▶ RECORDS SUPPLIED
··········

(* Let $|\phi_{\mathrm w}(\theta)\rangle$ be the 2-d Ising whip state on the $L\times L$ lattice. For each $L$ let $(i_L,j_L)$ be a nearest-neighbour pair of sites, $i_L=(a_L,b_L)$ and $j_L\in\{(a_L+1,b_L),(a_L,b_L+1)\}$, such that $\min(a_L,b_L)\to\infty$ and $j_L\in\Lambda_L$. Then for every $\theta\in\mathbb R$, $$\lim_{L\to\infty}\langle Z_{i_L}Z_{j_L}\rangle_\theta=-\sum_{\mathcal L=1}^\infty\frac{4^{\mathcal L-1}\Gamma(\mathcal L-\frac12)}{\sqrt\pi\,\mathcal L!}(\cos\theta\sin\theta)^{2\mathcal L-1}=\frac{|\cos2\theta|-1}{\sin2\theta},$$ where the right-hand side is interpreted as $0$ when $\sin2\theta=0$. Moreover the Ising energy density satisfies $\lim_{L\to\infty}\langle H_L\rangle_\theta=\frac{1-|\cos2\theta|}{\sin2\theta}$ for $H_L=-\frac{1}{2L(L-1)}\sum_{\langle i,j\rangle}Z_iZ_j$ (sum over all nearest-neighbour pairs of $\Lambda_L$).
   Context: 2-d Ising whip circuit: for $L\ge2$, $\Lambda_L=\{0,\dots,L-1\}^2$, one qubit per site, $N=L^2$. Directed edges $(a,b)\to(a+1,b)$ and $(a,b)\to(a,b+1)$ whenever the target lies in $\Lambda_L$. $\deg^-(v)$ is the number of incoming edges of $v$ (so $\deg^-=1$ on the lines $a=0$ or $b=0$ except at $(0,0)$, and $\deg^-=2$ otherwise). For each edge $u\to v$ let $G_{u\to v}(\theta)=\exp(-\mathrm i\,\theta\,Z_uY_v/\deg^-(v))$ with Pauli matrices $X,Y,Z$. The whip state is $|\phi_{\mathrm w}(\theta)\rangle=\prod G_{u\to v}(\theta)|+\rangle^{\otimes N}$, $|+\rangle=(|0\rangle+|1\rangle)/\sqrt2$, with gates applied in order of increasing $a+b$ of the target $v=(a,b)$ (gates with targets in the same layer commute). $\langle A\rangle_\theta=\langle\phi_{\mathrm w}(\theta)|A|\phi_{\mathrm w}(\theta)\rangle$. *)

theory Defs
  imports "HOL-Analysis.Analysis"
begin

text \<open>Sites are pairs (a,b) of naturals; the lattice is {0..L-1}^2.
  A computational basis state is a configuration s :: site => bool
  (False = |0>, True = |1>), equal to False outside the lattice.\<close>

type_synonym site = "nat \<times> nat"
type_synonym config = "site \<Rightarrow> bool"
type_synonym qstate = "config \<Rightarrow> complex"

definition lattice :: "nat \<Rightarrow> site set" where
  "lattice L = {0..<L} \<times> {0..<L}"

··········

▶ ACTION ITEM
What do the records say? Quote them all exactly.

▶ ANSWER SPACE
(* Let $|\phi_{\mathrm w}(\theta)\rangle$ be the 2-d Ising whip state on the $L\times L$ lattice. For each $L$ let $(i_L,j_L)$ be a nearest-neighbour pair of sites, $i_L=(a_L,b_L)$ and $j_L\in\{(a_L+1,b_L),(a_L,b_L+1)\}$, such that $\min(a_L,b_L)\to\infty$ and $j_L\in\Lambda_L$. Then for every $\theta\in\mathbb R$, $$\lim_{L\to\infty}\langle Z_{i_L}Z_{j_L}\rangle_\theta=-\sum_{\mathcal L=1}^\infty\frac{4^{\mathcal L-1}\Gamma(\mathcal L-\frac12)}{\sqrt\pi\,\mathcal L!}(\cos\theta\sin\theta)^{2\mathcal L-1}=\frac{|\cos2\theta|-1}{\sin2\theta},$$ where the right-hand side is interpreted as $0$ when $\sin2\theta=0$. Moreover the Ising energy density satisfies $\lim_{L\to\infty}\langle H_L\rangle_\theta=\frac{1-|\cos2\theta|}{\sin2\theta}$ for $H_L=-\frac{1}{2L(L-1)}\sum_{\langle i,j\rangle}Z_iZ_j$ (sum over all nearest-neighbour pairs of $\Lambda_L$).
   Context: 2-d Ising whip circuit: for $L\ge2$, $\Lambda_L=\{0,\dots,L-1\}^2$, one qubit per site, $N=L^2$. Directed edges $(a,b)\to(a+1,b)$ and $(a,b)\to(a,b+1)$ whenever the target lies in $\Lambda_L$. $\deg^-(v)$ is the number of incoming edges of $v$ (so $\deg^-=1$ on the lines $a=0$ or $b=0$ except at $(0,0)$, and $\deg^-=2$ otherwise). For each edge $u\to v$ let $G_{u\to v}(\theta)=\exp(-\mathrm i\,\theta\,Z_uY_v/\deg^-(v))$ with Pauli matrices $X,Y,Z$. The whip state is $|\phi_{\mathrm w}(\theta)\rangle=\prod G_{u\to v}(\theta)|+\rangle^{\otimes N}$, $|+\rangle=(|0\rangle+|1\rangle)/\sqrt2$, with gates applied in order of increasing $a+b$ of the target $v=(a,b)$ (gates with targets in the same layer commute). $\langle A\rangle_\theta=\langle\phi_{\mathrm w}(\theta)|A|\phi_{\mathrm w}(\theta)\rangle$. *)

theory Defs
  imports "HOL-Analysis.Analysis"
begin

text \<open>Sites are pairs (a,b) of naturals; the lattice is {0..L-1}^2.
  A computational basis state is a configuration s :: site => bool
  (False = |0>, True = |1>), equal to False outside the lattice.\<close>

type_synonym site = "nat \<times> nat"
type_synonym config = "site \<Rightarrow> bool"
type_synonym qstate = "config \<Rightarrow> complex"

definition lattice :: "nat \<Rightarrow> site set" where
  "lattice L = {0..<L} \<times> {0..<L}"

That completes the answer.